Saved entries |
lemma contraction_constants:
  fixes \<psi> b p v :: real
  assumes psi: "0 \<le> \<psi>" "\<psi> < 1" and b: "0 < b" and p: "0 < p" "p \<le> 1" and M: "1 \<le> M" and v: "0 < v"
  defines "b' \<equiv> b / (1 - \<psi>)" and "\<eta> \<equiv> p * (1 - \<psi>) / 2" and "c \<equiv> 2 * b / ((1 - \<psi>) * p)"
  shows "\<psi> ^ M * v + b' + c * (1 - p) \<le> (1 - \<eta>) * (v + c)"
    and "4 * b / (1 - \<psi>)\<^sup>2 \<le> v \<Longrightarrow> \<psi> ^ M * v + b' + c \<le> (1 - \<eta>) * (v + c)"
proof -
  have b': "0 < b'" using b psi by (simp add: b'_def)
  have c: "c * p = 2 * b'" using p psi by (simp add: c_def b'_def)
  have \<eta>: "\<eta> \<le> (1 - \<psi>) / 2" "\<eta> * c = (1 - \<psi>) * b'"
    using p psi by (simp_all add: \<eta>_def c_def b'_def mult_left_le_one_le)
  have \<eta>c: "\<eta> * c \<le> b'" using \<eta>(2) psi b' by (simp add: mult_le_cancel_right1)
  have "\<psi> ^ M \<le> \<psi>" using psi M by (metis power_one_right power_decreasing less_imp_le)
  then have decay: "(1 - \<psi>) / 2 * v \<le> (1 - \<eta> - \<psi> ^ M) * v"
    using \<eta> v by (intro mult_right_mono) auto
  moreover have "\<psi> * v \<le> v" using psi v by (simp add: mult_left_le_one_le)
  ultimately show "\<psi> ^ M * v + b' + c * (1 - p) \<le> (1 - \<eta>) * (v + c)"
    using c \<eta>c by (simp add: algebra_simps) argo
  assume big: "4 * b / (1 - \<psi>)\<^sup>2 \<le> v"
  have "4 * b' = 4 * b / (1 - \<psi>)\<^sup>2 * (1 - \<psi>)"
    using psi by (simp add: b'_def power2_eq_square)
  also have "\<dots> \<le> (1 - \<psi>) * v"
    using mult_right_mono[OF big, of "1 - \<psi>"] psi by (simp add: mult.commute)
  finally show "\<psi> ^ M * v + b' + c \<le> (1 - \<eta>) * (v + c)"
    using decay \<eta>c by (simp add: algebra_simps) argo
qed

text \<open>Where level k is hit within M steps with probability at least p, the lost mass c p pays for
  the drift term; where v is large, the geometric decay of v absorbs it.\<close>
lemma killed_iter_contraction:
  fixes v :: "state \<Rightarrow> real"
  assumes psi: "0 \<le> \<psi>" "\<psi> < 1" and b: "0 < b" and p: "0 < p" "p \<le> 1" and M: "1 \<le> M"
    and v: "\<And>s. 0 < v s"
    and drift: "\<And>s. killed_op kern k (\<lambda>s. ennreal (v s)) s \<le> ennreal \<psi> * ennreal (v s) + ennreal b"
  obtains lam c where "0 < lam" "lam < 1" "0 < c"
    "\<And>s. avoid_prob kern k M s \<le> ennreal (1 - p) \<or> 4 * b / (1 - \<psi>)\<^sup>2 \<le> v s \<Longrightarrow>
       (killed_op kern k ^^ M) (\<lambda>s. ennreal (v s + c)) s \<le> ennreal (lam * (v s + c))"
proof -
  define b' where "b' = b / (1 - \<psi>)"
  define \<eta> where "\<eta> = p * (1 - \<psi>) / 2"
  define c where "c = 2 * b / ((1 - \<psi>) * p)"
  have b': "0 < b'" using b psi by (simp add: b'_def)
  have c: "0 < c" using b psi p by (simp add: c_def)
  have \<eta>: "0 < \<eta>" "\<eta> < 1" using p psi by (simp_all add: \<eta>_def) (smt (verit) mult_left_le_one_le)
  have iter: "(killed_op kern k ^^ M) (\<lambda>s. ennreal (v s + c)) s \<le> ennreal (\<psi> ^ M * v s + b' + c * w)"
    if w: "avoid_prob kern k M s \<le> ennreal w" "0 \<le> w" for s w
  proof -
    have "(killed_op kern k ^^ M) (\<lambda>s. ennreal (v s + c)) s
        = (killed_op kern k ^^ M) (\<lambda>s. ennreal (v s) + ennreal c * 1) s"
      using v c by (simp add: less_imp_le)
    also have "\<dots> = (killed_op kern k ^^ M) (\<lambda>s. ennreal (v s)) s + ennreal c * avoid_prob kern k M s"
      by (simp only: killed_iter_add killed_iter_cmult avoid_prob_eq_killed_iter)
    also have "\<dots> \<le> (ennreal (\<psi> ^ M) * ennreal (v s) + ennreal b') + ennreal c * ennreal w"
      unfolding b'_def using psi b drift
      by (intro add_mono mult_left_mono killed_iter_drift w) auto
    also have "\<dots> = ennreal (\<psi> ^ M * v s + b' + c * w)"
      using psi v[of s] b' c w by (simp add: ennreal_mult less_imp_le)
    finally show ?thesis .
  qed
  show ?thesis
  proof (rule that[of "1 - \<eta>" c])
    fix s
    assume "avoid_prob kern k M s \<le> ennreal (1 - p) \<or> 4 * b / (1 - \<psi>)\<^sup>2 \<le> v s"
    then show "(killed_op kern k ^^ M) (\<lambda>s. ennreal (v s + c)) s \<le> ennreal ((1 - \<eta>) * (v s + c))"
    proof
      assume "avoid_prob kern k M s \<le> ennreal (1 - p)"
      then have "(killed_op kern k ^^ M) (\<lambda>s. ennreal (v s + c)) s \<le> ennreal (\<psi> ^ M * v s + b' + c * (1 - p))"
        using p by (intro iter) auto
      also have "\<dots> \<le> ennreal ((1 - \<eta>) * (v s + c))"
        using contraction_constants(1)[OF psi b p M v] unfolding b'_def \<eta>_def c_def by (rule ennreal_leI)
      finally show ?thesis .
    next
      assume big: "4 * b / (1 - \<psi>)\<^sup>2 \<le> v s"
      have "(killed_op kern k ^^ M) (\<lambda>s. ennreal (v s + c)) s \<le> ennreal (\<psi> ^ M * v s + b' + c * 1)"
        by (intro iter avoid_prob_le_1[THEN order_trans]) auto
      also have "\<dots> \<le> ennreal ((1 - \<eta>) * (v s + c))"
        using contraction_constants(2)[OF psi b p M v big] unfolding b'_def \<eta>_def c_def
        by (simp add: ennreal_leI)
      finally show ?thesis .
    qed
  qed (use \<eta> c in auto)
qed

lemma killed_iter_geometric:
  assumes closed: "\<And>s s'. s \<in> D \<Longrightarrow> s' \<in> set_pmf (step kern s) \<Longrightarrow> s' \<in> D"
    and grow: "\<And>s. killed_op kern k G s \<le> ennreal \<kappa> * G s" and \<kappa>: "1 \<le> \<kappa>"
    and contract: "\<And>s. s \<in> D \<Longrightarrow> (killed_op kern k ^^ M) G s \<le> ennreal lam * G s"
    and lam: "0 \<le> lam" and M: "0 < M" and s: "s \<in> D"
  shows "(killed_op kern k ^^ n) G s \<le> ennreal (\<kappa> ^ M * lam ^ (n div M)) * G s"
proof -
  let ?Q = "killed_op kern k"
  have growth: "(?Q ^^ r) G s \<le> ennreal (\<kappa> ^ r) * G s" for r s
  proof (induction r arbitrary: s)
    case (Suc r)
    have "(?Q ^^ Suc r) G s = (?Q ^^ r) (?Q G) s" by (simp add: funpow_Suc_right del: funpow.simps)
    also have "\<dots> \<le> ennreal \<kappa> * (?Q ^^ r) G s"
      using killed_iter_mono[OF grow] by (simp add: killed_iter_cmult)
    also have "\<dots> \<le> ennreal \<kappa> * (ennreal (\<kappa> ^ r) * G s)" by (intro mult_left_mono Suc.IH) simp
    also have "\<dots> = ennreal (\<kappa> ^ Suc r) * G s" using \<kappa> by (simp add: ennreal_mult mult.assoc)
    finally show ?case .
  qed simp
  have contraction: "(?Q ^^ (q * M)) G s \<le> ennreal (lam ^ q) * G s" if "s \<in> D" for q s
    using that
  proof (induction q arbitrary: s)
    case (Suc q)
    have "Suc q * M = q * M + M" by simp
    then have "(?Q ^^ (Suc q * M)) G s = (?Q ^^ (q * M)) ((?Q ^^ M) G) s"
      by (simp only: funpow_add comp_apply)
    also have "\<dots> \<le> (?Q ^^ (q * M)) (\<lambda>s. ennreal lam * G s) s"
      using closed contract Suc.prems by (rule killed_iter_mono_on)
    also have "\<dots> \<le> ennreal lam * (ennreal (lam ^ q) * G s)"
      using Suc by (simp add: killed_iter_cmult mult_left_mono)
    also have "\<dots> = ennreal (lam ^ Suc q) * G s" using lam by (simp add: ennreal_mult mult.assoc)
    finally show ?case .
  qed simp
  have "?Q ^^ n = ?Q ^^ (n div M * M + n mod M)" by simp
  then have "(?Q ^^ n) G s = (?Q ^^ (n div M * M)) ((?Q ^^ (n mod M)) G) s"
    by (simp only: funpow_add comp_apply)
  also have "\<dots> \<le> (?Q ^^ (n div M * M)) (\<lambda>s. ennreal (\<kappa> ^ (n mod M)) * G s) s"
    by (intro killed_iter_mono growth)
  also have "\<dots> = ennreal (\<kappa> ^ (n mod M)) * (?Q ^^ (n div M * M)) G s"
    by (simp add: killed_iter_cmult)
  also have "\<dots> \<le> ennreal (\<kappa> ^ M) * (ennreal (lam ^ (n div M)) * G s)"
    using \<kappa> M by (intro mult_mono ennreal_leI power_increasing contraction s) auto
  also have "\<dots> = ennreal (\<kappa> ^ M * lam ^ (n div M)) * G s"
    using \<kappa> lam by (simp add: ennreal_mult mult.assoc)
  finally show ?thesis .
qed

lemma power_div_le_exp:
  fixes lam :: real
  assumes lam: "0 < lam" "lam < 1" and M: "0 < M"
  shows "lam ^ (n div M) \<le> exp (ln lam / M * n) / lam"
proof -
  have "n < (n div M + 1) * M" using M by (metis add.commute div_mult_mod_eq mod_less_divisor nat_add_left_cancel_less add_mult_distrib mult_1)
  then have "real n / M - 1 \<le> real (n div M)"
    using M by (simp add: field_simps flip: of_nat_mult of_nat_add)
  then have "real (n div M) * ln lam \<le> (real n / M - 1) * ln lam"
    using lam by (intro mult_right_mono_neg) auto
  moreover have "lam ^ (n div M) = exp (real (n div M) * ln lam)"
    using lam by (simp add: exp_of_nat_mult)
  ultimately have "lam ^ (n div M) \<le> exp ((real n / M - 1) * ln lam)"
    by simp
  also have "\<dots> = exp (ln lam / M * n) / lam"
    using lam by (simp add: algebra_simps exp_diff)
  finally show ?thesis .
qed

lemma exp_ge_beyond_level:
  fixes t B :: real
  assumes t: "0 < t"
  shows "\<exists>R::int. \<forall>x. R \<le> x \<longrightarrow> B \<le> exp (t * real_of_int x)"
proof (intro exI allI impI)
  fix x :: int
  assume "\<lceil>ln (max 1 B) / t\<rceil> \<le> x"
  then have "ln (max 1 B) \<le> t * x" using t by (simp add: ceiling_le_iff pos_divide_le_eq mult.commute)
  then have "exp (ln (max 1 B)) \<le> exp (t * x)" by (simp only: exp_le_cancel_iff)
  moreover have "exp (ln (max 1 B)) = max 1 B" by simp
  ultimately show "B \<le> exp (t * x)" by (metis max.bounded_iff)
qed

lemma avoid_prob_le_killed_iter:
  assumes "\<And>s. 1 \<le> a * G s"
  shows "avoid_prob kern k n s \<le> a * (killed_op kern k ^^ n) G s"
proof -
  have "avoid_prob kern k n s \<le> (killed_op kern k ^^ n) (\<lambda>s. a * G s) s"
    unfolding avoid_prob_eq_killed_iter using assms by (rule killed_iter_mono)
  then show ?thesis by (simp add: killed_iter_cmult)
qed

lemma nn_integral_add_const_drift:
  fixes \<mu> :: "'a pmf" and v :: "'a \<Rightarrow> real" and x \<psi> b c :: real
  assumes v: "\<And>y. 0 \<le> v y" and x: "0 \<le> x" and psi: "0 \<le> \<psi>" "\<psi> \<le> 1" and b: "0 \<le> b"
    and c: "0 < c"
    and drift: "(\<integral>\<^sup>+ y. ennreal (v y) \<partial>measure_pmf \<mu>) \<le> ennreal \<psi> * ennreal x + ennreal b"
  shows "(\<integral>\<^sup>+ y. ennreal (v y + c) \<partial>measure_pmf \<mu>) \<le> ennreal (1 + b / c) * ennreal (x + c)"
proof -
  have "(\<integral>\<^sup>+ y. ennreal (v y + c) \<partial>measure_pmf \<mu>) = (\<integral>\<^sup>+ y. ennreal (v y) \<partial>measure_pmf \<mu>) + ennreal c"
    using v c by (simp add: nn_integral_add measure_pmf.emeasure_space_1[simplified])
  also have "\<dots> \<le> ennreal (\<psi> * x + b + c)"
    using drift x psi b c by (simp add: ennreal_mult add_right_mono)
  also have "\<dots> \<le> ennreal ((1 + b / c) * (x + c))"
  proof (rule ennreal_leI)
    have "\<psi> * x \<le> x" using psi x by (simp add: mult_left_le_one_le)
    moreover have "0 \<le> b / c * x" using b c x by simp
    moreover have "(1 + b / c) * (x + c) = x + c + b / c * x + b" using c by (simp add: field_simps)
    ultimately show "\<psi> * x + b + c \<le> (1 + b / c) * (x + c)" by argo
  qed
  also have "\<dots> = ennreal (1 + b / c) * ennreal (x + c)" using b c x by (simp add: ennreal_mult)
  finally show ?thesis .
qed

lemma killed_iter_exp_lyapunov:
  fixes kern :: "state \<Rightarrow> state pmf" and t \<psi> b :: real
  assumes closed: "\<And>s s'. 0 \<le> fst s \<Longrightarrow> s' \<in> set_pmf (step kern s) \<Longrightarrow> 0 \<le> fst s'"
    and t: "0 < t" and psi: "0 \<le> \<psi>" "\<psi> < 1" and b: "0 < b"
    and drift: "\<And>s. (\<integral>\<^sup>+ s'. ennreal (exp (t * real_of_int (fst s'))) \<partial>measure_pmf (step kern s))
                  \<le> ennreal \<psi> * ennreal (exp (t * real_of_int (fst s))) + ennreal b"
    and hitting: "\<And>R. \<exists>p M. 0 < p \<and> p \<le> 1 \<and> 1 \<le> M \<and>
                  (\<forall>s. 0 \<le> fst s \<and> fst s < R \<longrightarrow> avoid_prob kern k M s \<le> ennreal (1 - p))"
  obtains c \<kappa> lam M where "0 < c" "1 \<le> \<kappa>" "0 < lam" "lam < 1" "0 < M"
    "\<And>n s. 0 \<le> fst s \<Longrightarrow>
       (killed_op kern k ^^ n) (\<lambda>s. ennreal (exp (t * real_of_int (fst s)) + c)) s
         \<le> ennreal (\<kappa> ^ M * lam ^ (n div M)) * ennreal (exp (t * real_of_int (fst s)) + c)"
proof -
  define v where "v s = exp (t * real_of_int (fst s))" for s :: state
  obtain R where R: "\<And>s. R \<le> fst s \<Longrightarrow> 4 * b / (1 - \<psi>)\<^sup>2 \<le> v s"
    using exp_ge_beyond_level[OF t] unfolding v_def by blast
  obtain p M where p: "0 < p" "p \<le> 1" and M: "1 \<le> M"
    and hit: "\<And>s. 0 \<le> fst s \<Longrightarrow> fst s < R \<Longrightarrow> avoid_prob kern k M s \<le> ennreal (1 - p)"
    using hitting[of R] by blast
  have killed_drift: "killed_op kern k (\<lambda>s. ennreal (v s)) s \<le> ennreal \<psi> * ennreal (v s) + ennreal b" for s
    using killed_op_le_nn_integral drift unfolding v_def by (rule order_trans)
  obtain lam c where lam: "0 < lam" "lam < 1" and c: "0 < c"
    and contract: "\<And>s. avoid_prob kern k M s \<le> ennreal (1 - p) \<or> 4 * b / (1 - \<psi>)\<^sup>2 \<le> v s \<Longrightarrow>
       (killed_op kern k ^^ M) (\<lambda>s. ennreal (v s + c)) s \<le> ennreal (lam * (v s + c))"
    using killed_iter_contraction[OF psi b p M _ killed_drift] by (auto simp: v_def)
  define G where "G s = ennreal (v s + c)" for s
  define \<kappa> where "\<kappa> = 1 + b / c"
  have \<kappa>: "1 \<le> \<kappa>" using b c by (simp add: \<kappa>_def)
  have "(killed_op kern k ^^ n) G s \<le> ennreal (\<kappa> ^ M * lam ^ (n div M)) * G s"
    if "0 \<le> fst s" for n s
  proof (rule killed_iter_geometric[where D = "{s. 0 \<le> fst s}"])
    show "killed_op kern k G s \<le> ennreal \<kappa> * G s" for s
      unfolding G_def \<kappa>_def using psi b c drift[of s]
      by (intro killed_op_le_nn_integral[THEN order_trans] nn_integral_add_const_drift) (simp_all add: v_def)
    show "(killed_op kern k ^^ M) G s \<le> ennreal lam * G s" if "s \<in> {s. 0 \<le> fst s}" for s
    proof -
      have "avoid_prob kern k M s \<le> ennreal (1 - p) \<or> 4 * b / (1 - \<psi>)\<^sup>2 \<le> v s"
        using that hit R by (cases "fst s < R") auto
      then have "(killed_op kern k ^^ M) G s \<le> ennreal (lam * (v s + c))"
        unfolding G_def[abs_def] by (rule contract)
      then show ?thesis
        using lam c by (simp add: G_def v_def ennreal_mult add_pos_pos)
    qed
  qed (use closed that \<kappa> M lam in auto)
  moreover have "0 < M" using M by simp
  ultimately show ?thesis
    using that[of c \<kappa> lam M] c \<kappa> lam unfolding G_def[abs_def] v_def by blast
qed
...
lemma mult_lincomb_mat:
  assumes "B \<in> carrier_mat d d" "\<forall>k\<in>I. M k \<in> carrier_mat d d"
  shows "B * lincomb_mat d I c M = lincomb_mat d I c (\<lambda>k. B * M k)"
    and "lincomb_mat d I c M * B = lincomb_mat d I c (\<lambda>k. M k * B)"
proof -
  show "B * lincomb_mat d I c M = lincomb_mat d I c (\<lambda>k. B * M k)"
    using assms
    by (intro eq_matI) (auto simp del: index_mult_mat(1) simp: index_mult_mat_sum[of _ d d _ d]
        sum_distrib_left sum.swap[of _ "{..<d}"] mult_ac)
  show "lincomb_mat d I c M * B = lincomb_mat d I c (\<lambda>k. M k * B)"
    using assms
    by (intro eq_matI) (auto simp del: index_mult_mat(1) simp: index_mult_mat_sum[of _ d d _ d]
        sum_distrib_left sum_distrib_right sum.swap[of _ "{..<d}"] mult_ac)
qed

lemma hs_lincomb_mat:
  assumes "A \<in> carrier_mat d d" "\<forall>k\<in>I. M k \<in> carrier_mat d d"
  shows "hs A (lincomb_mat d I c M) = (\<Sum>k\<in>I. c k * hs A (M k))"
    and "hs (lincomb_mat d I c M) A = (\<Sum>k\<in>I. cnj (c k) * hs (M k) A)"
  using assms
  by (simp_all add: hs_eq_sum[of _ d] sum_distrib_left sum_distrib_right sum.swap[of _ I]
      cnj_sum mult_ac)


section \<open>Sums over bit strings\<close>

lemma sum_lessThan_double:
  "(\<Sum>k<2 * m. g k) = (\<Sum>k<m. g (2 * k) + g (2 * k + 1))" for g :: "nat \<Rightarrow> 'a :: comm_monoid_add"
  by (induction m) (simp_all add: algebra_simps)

What the task requires |
When a line above contains the string "rule", copy that line.

Task response |
  proof (rule that[of "1 - \<eta>" c])
        using contraction_constants(1)[OF psi b p M v] unfolding b'_def \<eta>_def c_def by (rule ennreal_leI)
      using closed contract Suc.prems by (rule killed_iter_mono_on)
    unfolding avoid_prob_eq_killed_iter using assms by (rule killed_iter_mono)
  proof (rule ennreal_leI)
    using killed_op_le_nn_integral drift unfolding v_def by (rule order_trans)
  proof (rule killed_iter_geometric[where D = "{s. 0 \<le> fst s}"])
        unfolding G_def[abs_def] by (rule contract)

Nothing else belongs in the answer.